Молодые люди обнялись. Затем Лермонтов показал на Орлов и заговорил взволнованным голосом:

— Ты видишь это здание?

— Вижу.

— Тебе судьба семьи Орловских известна? Ты знаешь, сколько детей было у нынешнего хозяина Орлова?

— Да, трое: два сына и дочь.

— Значит, ты также знаешь, что пан Николай имел несчастье изгнать своего младшего сына из дому?

— Изгнать из дому? — Урзин отступил назад. — Этого я не слышал. Фердинанд Орловский будто добровольно ушёл и больше не вернулся.

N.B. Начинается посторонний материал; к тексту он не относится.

lemma path3_through:
  assumes "x \<in> YV"
  obtains u v w where "path3 F u v w" and "x = u \<or> x = v"
proof -
  obtain u v w where p: "path3 F u v w" and x: "x \<in> {u, v, w}"
    using factor assms by (auto simp: lambda_factor_iff_path3[OF Y_E_doubleton])
  show thesis
  proof (cases "x = w")
    case True
    then show ?thesis using that[OF path3_rev[OF p]] by simp
  next
    case False
    then show ?thesis using that[OF p] x by simp
  qed
qed

lemma comp_subset_Y_V: "x \<in> YV \<Longrightarrow> comp F x \<subseteq> YV"
  using F_subset Y_E_subset_Y_V by (intro comp_subset_closed) (auto simp: nbhd_def)

lemma card_comp: "x \<in> YV \<Longrightarrow> card (comp F x) = 3"
  by (rule path3_through) (auto simp: path3_comp path3_def)

definition Z_part :: "nat \<Rightarrow> 'a set" where
  "Z_part i = {x. \<exists>j\<in>{1, 2, 3}. Cp i x \<in> comp F (Zv j)}"

lemma Z_partI: "j \<in> {1, 2, 3} \<Longrightarrow> Cp i x \<in> comp F (Zv j) \<Longrightarrow> x \<in> Z_part i"
  by (auto simp: Z_part_def)

lemma Z_part_subset: "Z_part i \<subseteq> V - {a}"
proof
  fix x assume "x \<in> Z_part i"
  then obtain j where "j \<in> {1, 2, 3}" and "Cp i x \<in> comp F (Zv j)" by (auto simp: Z_part_def)
  then have "Cp i x \<in> YV" using comp_subset_Y_V[of "Zv j"] by (auto simp: Y_V_Zv)
  then show "x \<in> V - {a}" by (simp add: Y_V_Cp)
qed

lemma finite_Z_part: "finite (Z_part i)"
  using Z_part_subset finite_V finite_subset by blast
(* Assume that $M\in\omega$ and $\mu:\mathcal P(2^{\omega})\to\omega\cup\{\infty\}$ is a monotone, subadditive function such that (i) $\mu(U)=\infty$ for each non-empty clopen $U\subseteq 2^{\omega}$; (ii) for each $a,b\subseteq 2^{\omega}$, if $\mu(a)\le M<\mu(b)$, then $\sup\{\mu(b\setminus U)+M: a\subseteq U,\ U \text{ clopen in } 2^{\omega}\}\ge \mu(b)$. Then $\mathbb H(\mu)$ is dense, shrinkable and $\mathbb G(\mu,M)$-large.
   Context: For $n\in\omega$ let $C_n=\{n\}\times 2^{\omega}$ and $C=\bigcup_{n<\omega}C_n$ (with the Euclidean topology). For $\mu:\mathcal P(2^\omega)\to\omega\cup\{\infty\}$ and $n\in\omega$ define $\mu^{(n)}:\mathcal P(C_n)\to\omega\cup\{\infty\}$ by $\mu^{(n)}(A)=\mu(\{x:\langle n,x\rangle\in A\})$. Let $\mathbb E$ be the set of functions $e$ with $\mathrm{dom}(e)$ an infinite subset of $\omega$ and $\emptyset\ne e(n)\subseteq C_n$ for each $n\in\mathrm{dom}(e)$; let $\mathbb O=\{o\in\mathbb E: o(n)$ is clopen in $C_n$ for each $n\in\mathrm{dom}(o)\}$. For $f,g\in\mathbb E$: $f\sqsubset g$ iff $\mathrm{dom}(f)\subseteq\mathrm{dom}(g)$ and $f(n)\subseteq g(n)$ for all $n\in\mathrm{dom}(f)$; $f\sqsubset^* g$ iff $\mathrm{dom}(f)\setminus\mathrm{dom}(g)$ is finite and $\{n\in\mathrm{dom}(f): f(n)\not\subseteq g(n)\}$ is finite; $f\perp g$ iff $\{n\in\mathrm{dom}(f)\cap\mathrm{dom}(g): f(n)\cap g(n)\ne\emptyset\}$ is finite. For $h\in\mathbb E$, $o\in\mathbb O$, the function $h\dotminus o$ has domain $\{n\in\mathrm{dom}(h): h(n)\not\subseteq o(n)\}$ (where $n\notin\mathrm{dom}(o)$ counts as $h(n)\not\subseteq o(n)$), with $(h\dotminus o)(n)=h(n)\setminus o(n)$ if $n\in\mathrm{dom}(o)$ and $=h(n)$ otherwise. $\mathbb G(\mu,M)=\{g\in\mathbb E:\mu^{(n)}(g(n))\le M$ for each $n\in\mathrm{dom}(g)\}$ and $\mathbb H(\mu)=\{h\in\mathbb E:\lim_{n\in\mathrm{dom}(h)}\mu^{(n)}(h(n))=\infty\}$. For $\mathbb G,\mathbb H\subseteq\mathbb E$: $\mathbb H$ is dense iff for each $o\in\mathbb O$ there is $h\in\mathbb H$ with $h\sqsubset o$; $\mathbb H$ is shrinkable iff for each $h\in\mathbb H$ and each countably infinite $\mathcal O\subseteq\mathbb O$ there is $h'\in\mathbb H$ with $h'\sqsubset h$ and, for all $o\in\mathcal O$, $h'\sqsubset^* o$ or $h'\perp o$; $\mathbb H$ is $\mathbb G$-large iff for each $g\in\mathbb G$ and each countably infinite $\mathcal H\subseteq\mathbb H$ there is $o\in\mathbb O$ with $g\sqsubset o$ and $h\dotminus o\in\mathbb H$ for every $h\in\mathcal H$. *)

theory Defs
  imports "HOL-Analysis.Analysis" "HOL-Library.Extended_Nat"
begin

type_synonym cantor = "nat \<Rightarrow> bool"
type_synonym cpt = "nat \<times> cantor"
type_synonym efun = "nat \<Rightarrow> cpt set option"

definition cantor_top :: "cantor topology" where
  "cantor_top = product_topology (\<lambda>_. discrete_topology UNIV) UNIV"

definition C_top :: "cpt topology" where
  "C_top = prod_topology (discrete_topology UNIV) cantor_top"

definition Cn :: "nat \<Rightarrow> cpt set" where
  "Cn n = {n} \<times> UNIV"

definition clopen_in :: "'a topology \<Rightarrow> 'a set \<Rightarrow> bool" where
  "clopen_in T U \<longleftrightarrow> openin T U \<and> closedin T U"

definition mu_n :: "(cantor set \<Rightarrow> enat) \<Rightarrow> nat \<Rightarrow> cpt set \<Rightarrow> enat" where
  "mu_n \<mu> n A = \<mu> {x. (n, x) \<in> A}"

definition Eset :: "efun set" where
  "Eset = {e. infinite (dom e) \<and> (\<forall>n\<in>dom e. the (e n) \<noteq> {} \<and> the (e n) \<subseteq> Cn n)}"

definition Oset :: "efun set" where
  "Oset = {u \<in> Eset. \<forall>n\<in>dom u. clopen_in (subtopology C_top (Cn n)) (the (u n))}"

definition sqsub :: "efun \<Rightarrow> efun \<Rightarrow> bool" where
  "sqsub f g \<longleftrightarrow> dom f \<subseteq> dom g \<and> (\<forall>n\<in>dom f. the (f n) \<subseteq> the (g n))"

definition sqsub_star :: "efun \<Rightarrow> efun \<Rightarrow> bool" where
  "sqsub_star f g \<longleftrightarrow> finite (dom f - dom g) \<and>
     finite {n \<in> dom f \<inter> dom g. \<not> the (f n) \<subseteq> the (g n)}"

definition perp :: "efun \<Rightarrow> efun \<Rightarrow> bool" where
  "perp f g \<longleftrightarrow> finite {n \<in> dom f \<inter> dom g. the (f n) \<inter> the (g n) \<noteq> {}}"

definition dotminus :: "efun \<Rightarrow> efun \<Rightarrow> efun" where
  "dotminus h u = (\<lambda>n. if n \<in> dom h \<and> (n \<notin> dom u \<or> \<not> the (h n) \<subseteq> the (u n))
      then Some (if n \<in> dom u then the (h n) - the (u n) else the (h n)) else None)"

definition Gset :: "(cantor set \<Rightarrow> enat) \<Rightarrow> nat \<Rightarrow> efun set" where
  "Gset \<mu> M = {g \<in> Eset. \<forall>n\<in>dom g. mu_n \<mu> n (the (g n)) \<le> enat M}"

text \<open>lim over n in dom h of mu^(n)(h(n)) = infinity: for every finite bound K,
  only finitely many n in dom h have value at most K.\<close>
definition Hset :: "(cantor set \<Rightarrow> enat) \<Rightarrow> efun set" where
  "Hset \<mu> = {h \<in> Eset. \<forall>K::nat. finite {n \<in> dom h. mu_n \<mu> n (the (h n)) \<le> enat K}}"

— Добровольно? — Горькая насмешка послышалась в ночной тиши. Когда собственный отец укажет тебе на дверь, ты тоже «добровольно» уйдёшь. И если он тебе запретит когда-либо показываться ему на глаза, то ты «добровольно» не вернёшься к нему гнал сына своего на погибель? Однако ты должен также знать, почему он его изгнал, в чём состояло его великое преступление — именно за то, что он симпатизировал нам, русским, что у него был русский друг и что он женился на русской. Страшное преступление, не правда ли?

К тому добавилось ещё, что эта русская была евангелической веры и замуж за него вышла с тем условием, что и он станет таким. И он это сделал ради неё. Всё это горячая польско-католическая кровь отца не смогла вынести, и поэтому он его прогнал.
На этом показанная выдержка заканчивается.